As tempting as it may be to cry discrimination, there's really no evidence of that. The decline in popular male writers is most likely a product of the same cultural forces that caused a decline in male veterinarians. Women started doing it more often, and men decided they wanted to go somewhere with less female competition.

perching_aix · 3h ago
I don't know what could possibly make me read books. Reading is a chore, and not very efficient at the best of times. There's also the eye strain and the neck pain, and comfort in general. Best would be to read from bed, but bed is for sleepy time, a hard earned lesson.

But that's just me. Here's why I think books are no longer being read in general.

It's simply a format that time has moved on from. First came the radio, but radio wasn't gonna compete with books. Radio was succeeded by television though, and that sure could, but television is presently being succeeded by the internet, with TV companies desperate for any remaining attention, attention that they keep bleeding.
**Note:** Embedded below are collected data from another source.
lemma vanishes_if_periodic:
  assumes "c \<noteq> 0" "N > 0" "\<beta> ^ N = 1"
    and "w0 \<in> ball 0 1" "n w0 = 0" "w \<in> ball 0 1"
  shows "g w = 0"
proof (rule holomorphic_mult_eq_0_imp_eq_0[OF open_ball connected_ball _ holomorphic_eigenfunction])
  have "(\<lambda>w. n (\<beta> ^ k * w)) holomorphic_on ball 0 1" for k
    by (rule holomorphic_on_compose_scaling) (simp_all add: holomorphic_weight norm_power norm_rotation)
  then show "(\<lambda>w. c ^ N - (\<Prod>k<N. n (\<beta> ^ k * w))) holomorphic_on ball 0 1"
    by (intro holomorphic_intros)
  show "c ^ N - (\<Prod>k<N. n (\<beta> ^ k * w0)) \<noteq> 0"
    using assms by (subst prod_zero) (auto intro!: bexI[of _ 0])
  show "(c ^ N - (\<Prod>k<N. n (\<beta> ^ k * z))) * g z = 0" if "z \<in> ball 0 1" for z
    using eigen_equation_iterate[OF that, of N] assms(3) by (simp add: algebra_simps)
qed (use assms in auto)

lemma vanishes_if_zero_at_origin:
  assumes "c \<noteq> 0" "n 0 = 0" "w \<in> ball 0 1"
  shows "g w = 0"
proof (rule ccontr)
  assume "g w \<noteq> 0"
  moreover have "g 0 = 0"
    using eigen_equation[of 0] assms(1,2) by simp
  ultimately have nonconstant: "\<not> g constant_on ball 0 1"
    using assms(3) unfolding constant_on_def by (metis mem_ball_0 norm_zero zero_less_one)
  show False
  proof (rule holomorphic_factor_zero_nonconstant[OF holomorphic_eigenfunction open_ball connected_ball
        centre_in_ball[THEN iffD2, OF zero_less_one] \<open>g 0 = 0\<close> nonconstant])
    fix h :: "complex \<Rightarrow> complex" and r :: real and k :: nat
    assume k: "0 < k" "0 < r" "ball 0 r \<subseteq> (ball 0 1 :: complex set)"
      and h: "h holomorphic_on ball 0 r"
      and factor: "\<And>w. w \<in> ball 0 r \<Longrightarrow> g w = (w - 0) ^ k * h w"
      and h_nonzero: "\<And>w. w \<in> ball 0 r \<Longrightarrow> h w \<noteq> 0"
    define F where "F w = c * h w - n w * \<beta> ^ k * h (\<beta> * w)" for w
    have F_zero: "F w = 0" if "w \<in> ball 0 r - {0}" for w
    proof -
      have "w \<in> ball 0 1"
        using that k(3) by blast
      then have "c * g w = n w * g (\<beta> * w)"
        by (rule eigen_equation)
      moreover have "\<beta> * w \<in> ball 0 r"
        using that rotate_mem_ball[of w r 1] by simp
      ultimately have "c * (w ^ k * h w) = n w * ((\<beta> * w) ^ k * h (\<beta> * w))"
        using factor[of w] factor[of "\<beta> * w"] that by simp
      then have "w ^ k * (c * h w) = w ^ k * (n w * \<beta> ^ k * h (\<beta> * w))"
        by (simp add: power_mult_distrib mult_ac)
      then show ?thesis
        using that by (simp add: F_def)
    qed
    have F_holomorphic: "F holomorphic_on ball 0 r"
    proof -
      have "(\<lambda>w. h (\<beta> * w)) holomorphic_on ball 0 r"
        by (rule holomorphic_on_compose_scaling[OF h]) (simp add: norm_rotation)
      moreover have "n holomorphic_on ball 0 r"
        using holomorphic_on_subset[OF holomorphic_weight k(3)] .
      ultimately show ?thesis
        unfolding F_def using h by (intro holomorphic_intros)
    qed
    have "of_real (r / 2) \<in> ball (0 :: complex) r - {0}"
      using k(2) by simp
    then have "ball 0 r - {0 :: complex} \<noteq> {}"
      by blast
    then have "F 0 = 0"
      using analytic_continuation_open[of "ball 0 r - {0}" "ball 0 r" F "\<lambda>_. 0" 0]
        F_zero F_holomorphic k(2) by (simp add: open_delete)
    then have "c * h 0 = 0"
      using assms(2) by (simp add: F_def)
    then show False
      using assms(1) h_nonzero[of 0] k(2) by simp
  qed
qed

lemma vanishes_on_backward_orbit:
  assumes "c \<noteq> 0" "w0 \<in> ball 0 1" "n w0 = 0"
  shows "g (w0 / \<beta> ^ k) = 0"
proof (induction k)
  case 0
  then show ?case
    using eigen_equation[OF assms(2)] assms by simp
next
  case (Suc k)
  have "w0 / \<beta> ^ Suc k \<in> ball 0 1"
    using assms(2) by (simp add: norm_divide norm_power norm_rotation del: power_Suc)
  moreover have "\<beta> * (w0 / \<beta> ^ Suc k) = w0 / \<beta> ^ k"
    using rotation_nonzero by (simp add: field_simps)
  ultimately show ?case
    using eigen_equation[of "w0 / \<beta> ^ Suc k"] Suc assms(1) by simp
qed

lemma vanishes_if_not_root_of_unity:
  assumes "c \<noteq> 0" "\<And>N. N > 0 \<Longrightarrow> \<beta> ^ N \<noteq> 1"
    and "w0 \<in> ball 0 1" "w0 \<noteq> 0" "n w0 = 0" "w \<in> ball 0 1"
  shows "g w = 0"
proof -
  let ?orbit = "range (\<lambda>k. w0 / \<beta> ^ k)"
  have "infinite ?orbit"
    using range_inj_infinite inj_divide_power assms(2,4) rotation_nonzero by blast
  moreover have orbit_circle: "?orbit \<subseteq> cball 0 (norm w0)"
    by (auto simp: norm_divide norm_power norm_rotation)
  ultimately obtain \<xi> where "\<xi> \<in> cball 0 (norm w0)" "\<xi> islimpt ?orbit"
    using compact_eq_Bolzano_Weierstrass[of "cball 0 (norm w0)"] compact_cball by blast
  moreover have "cball 0 (norm w0) \<subseteq> ball 0 1"
    using assms(3) by auto
  ultimately show ?thesis
    using analytic_continuation[OF holomorphic_eigenfunction open_ball connected_ball _ _ _ _ assms(6)]
      orbit_circle vanishes_on_backward_orbit[OF assms(1,3,5)] by blast
qed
All this time the format has failed to find a foothold, and carve out its stay. You may discover that this is not universally true across the world, such as in Japan, where light novels are decently popular. It has its own place, but in the Western world, the only reliable place books have is in the classroom. I stipulate that the reason you see a prominently female readership is for the same reason: girls are (were?) taught in school that they're the more artsy type, that humanities should interest them more, and so they proceed(ed) to take that on the chin. Fast forward a few decades, and there you go.

The same applies for all other foregone forms of art. Theater? Opera? Ballet? Classical music performances? You'd have to pay or coerce me to attend these. Where I live, all the institutions hosting these are living off of government money, as they're simply unable to sustain themselves otherwise. People just don't care. The shows put on are basically live-action museum exhibitions. Although I guess even museums should be included in this list. Modern audiences are simply completely out of tune with these, they are an exercise in anachronism. And until the communities behind these continue to hammer in their formal position in art over their actual one, rather than try to connect with said modern audiences, this trend will continue. That is assuming such a connection is even possible still at this point.

7thaccount · 2h ago
Plenty of people still read and read a lot. I also have other hobbies, but I don't think it's going away. There are more books being published than ever before. There are also genres like science fiction and fantasy that are HUGE now and were once much smaller.
perching_aix · 2h ago
I mean happy for you, but that's a bit of a non sequitur, isn't it? The thread we're in is literally called "The cultural decline of literary fiction", and none of what you say is actually mutually exclusive with that.
int_19h · 10m ago
Indeed, it's about the decline of literary fiction - a very specific subset of literature that comprises a tiny part of fiction, nevermind the totality of all literature. People still read books, just not these particular books.